En el intento de modernizar la tradicional medicina autocrática, muchos médicos y enfermeras han aprendido a conjugar los verbos informar, formar y educar, un gradiente de apertura unidireccional. No es raro que después de ser empoderado (transmisión de poder), el paciente vuelva y diga aquello de “doctor, si fuera su madre, ¿usted qué haría?”, y entonces volvemos a la casilla de salida, la de la medicina autocrática.
Sabemos que algo no va del todo bien, porque a pesar de los intentos aperturistas, los pacientes crónicos continúan sobremedicados, al mismo tiempo que infraadheridos mientras que las personas frágiles van adormecidas a causa de los ansiolíticos. El problema subyace en la escucha activa: si el prescriptor no conoce la manera de ser ni los valores de cada persona que atiende, es casi imposible que lo que prescribe responda a sus necesidades reales. Un estudio dice que entre que el paciente empieza a hablar y el médico le interrumpe han pasado 13 segundos.
En todo el mundo, a menudo con razón, los médicos se quejan de no tener tiempo. Dicen, de manera casi universal, que para ellos es más eficiente prescribir y recetar que no explicarse y escuchar, que si tuvieran que destinar demasiado tiempo a hablar, no podrían cumplir con los objetivos de eficiencia que les imponen los de arriba. Sin embargo, en "Adding Value by Talking More", Robert Kaplan y colaboradores desmontan estos argumentos, identificando varios estudios que demuestran que el tiempo de los médicos, a pesar de ser caro, es más barato que los tratamientos, las pruebas y las hospitalizaciones que se producen en exceso por culpa de no haber hablado lo suficiente con los pacientes y, todavía más, si nos ceñimos a los pacientes crónicos, se ha demostrado que el mero hecho de sentirse escuchados aumenta su adherencia a los tratamientos y, por tanto, mejora la efectividad clínica.
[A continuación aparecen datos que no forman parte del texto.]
lemma exists_not_in_prime_subfield:
  assumes "CHAR('f::ring_1) < card (UNIV :: 'f set)"
  obtains t where "t \<notin> range (of_int :: int \<Rightarrow> 'f)"
proof -
  have "finite (UNIV :: 'f set)" using assms card.infinite by fastforce
  then have pos: "CHAR('f) > 0" by (rule finite_imp_CHAR_pos)
  have "range (of_int :: int \<Rightarrow> 'f) \<subseteq> of_nat ` {..<CHAR('f)}"
  proof
    fix x :: 'f assume "x \<in> range of_int"
    then obtain z where "x = of_int z" by blast
    also have "\<dots> = of_int (z mod int CHAR('f))" by (simp add: of_int_eq_iff_cong_CHAR)
    also have "\<dots> = of_nat (nat (z mod int CHAR('f)))" using pos by simp
    finally show "x \<in> of_nat ` {..<CHAR('f)}"
      using pos by (intro image_eqI[of _ _ "nat (z mod int CHAR('f))"]) (auto simp: nat_less_iff)
  qed
  then have "card (range (of_int :: int \<Rightarrow> 'f)) \<le> card (of_nat ` {..<CHAR('f)} :: 'f set)"
    by (intro card_mono) auto
  also have "\<dots> \<le> CHAR('f)"
    using card_image_le[of "{..<CHAR('f)}" "of_nat :: nat \<Rightarrow> 'f"] by simp
  finally have "range (of_int :: int \<Rightarrow> 'f) \<noteq> UNIV" using assms by auto
  then show ?thesis using that by blast
qed

lemma bij_betw_UNIV_if_inj_on:
  assumes "inj_on f A" "card A = card (UNIV :: 'b set)" "finite (UNIV :: 'b set)"
  shows "bij_betw (f :: 'a \<Rightarrow> 'b) A UNIV"
  using assms by (metis bij_betw_def card_image card_subset_eq subset_UNIV)

lemma of_nat_plus_times_eq_iff:
  fixes t :: "'f::field"
  assumes "CHAR('f) = r" "t \<notin> range of_int" "a < r" "b < r" "a' < r" "b' < r"
  shows "of_nat a + of_nat b * t = of_nat a' + of_nat b' * t \<longleftrightarrow> a = a' \<and> b = b'"
proof
  assume eq: "of_nat a + of_nat b * t = of_nat a' + of_nat b' * t"
  have b: "(of_nat b :: 'f) = of_nat b'"
  proof (rule ccontr)
    assume "(of_nat b :: 'f) \<noteq> of_nat b'"
    moreover have "(of_nat b - of_nat b') * t = of_nat a' - of_nat a" using eq by (simp add: algebra_simps)
    ultimately have "t = of_int (int a' - int a) * inverse (of_int (int b - int b'))"
      by (simp add: field_simps)
    moreover obtain k where "inverse (of_int (int b - int b') :: 'f) = of_int k"
      using inverse_of_int_in_range assms(1,3) by (metis gr_zeroI not_less0 rangeE)
    ultimately have "t = of_int ((int a' - int a) * k)" by simp
    with assms(2) show False by blast
  qed
  then have "(of_nat a :: 'f) = of_nat a'" using eq by simp
  with b show "a = a' \<and> b = b'"
    using assms(1,3-6) by (simp add: of_nat_eq_iff_cong_CHAR cong_less_modulus_unique_nat)
qed simp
Ha llegado, pues, el momento de aprender a conjugar los verbos escuchar, comprender e implicar, y por eso la Sección de Gestión Clínica de la Sociedad Catalana de Gestión Sanitaria y la Agència de Qualitat i Avaluació Sanitàries de Catalunya (AQuAS) nos pusimos de acuerdo para invitar a Víctor Montori, endocrinólogo de Mayo Clinic e investigador reconocido en la materia, a pronunciar una conferencia sobre sus aprendizajes en decisión clínica compartida.
Víctor Montori: "Los avances de Mayo Clinic en decisiones clínicas compartidas".
En la Jornada hubo, además, cuatro ponencias que representaron sendos ejemplos del desarrollo local de las decisiones compartidas (a través de los enlaces pueden acceder a los vídeos correspondientes):
- Joan MV Pons: "El programa de decisiones clínicas compartidas de AQuAS".
- Immaculada De Molina: "Reconstrucción mamaria postmastectomía", Hospital Joan XXIII de Tarragona.
- Miguel Ángel Robles: "Los dilemas de los pacientes con esclerosis múltiple", Hospital Josep Trueta de Girona.
- Joan Escarrabill: "El hospital centrado en las personas: de los buenos propósitos a la acción", Hospital Clínic de Barcelona.
De las presentaciones y del debate posterior se desprenden dos conclusiones:
a) La decisión compartida es un asunto emocional. Según Montori, se trata de una expresión humana de la atención solidaria y cuidadosa del paciente, en la que ambos protagonistas deberían llegar juntos a una resolución que debe tener sentido intelectual, emocional y práctico. Los materiales de apoyo son una ayuda, no un fin.
b) La decisión compartida es una forma de ajustar la práctica clínica a la manera de ser de cada persona, pero no es un instrumento pensado específicamente para mejorar la eficiencia y la efectividad, aunque puede ser que esa asociación ocurra.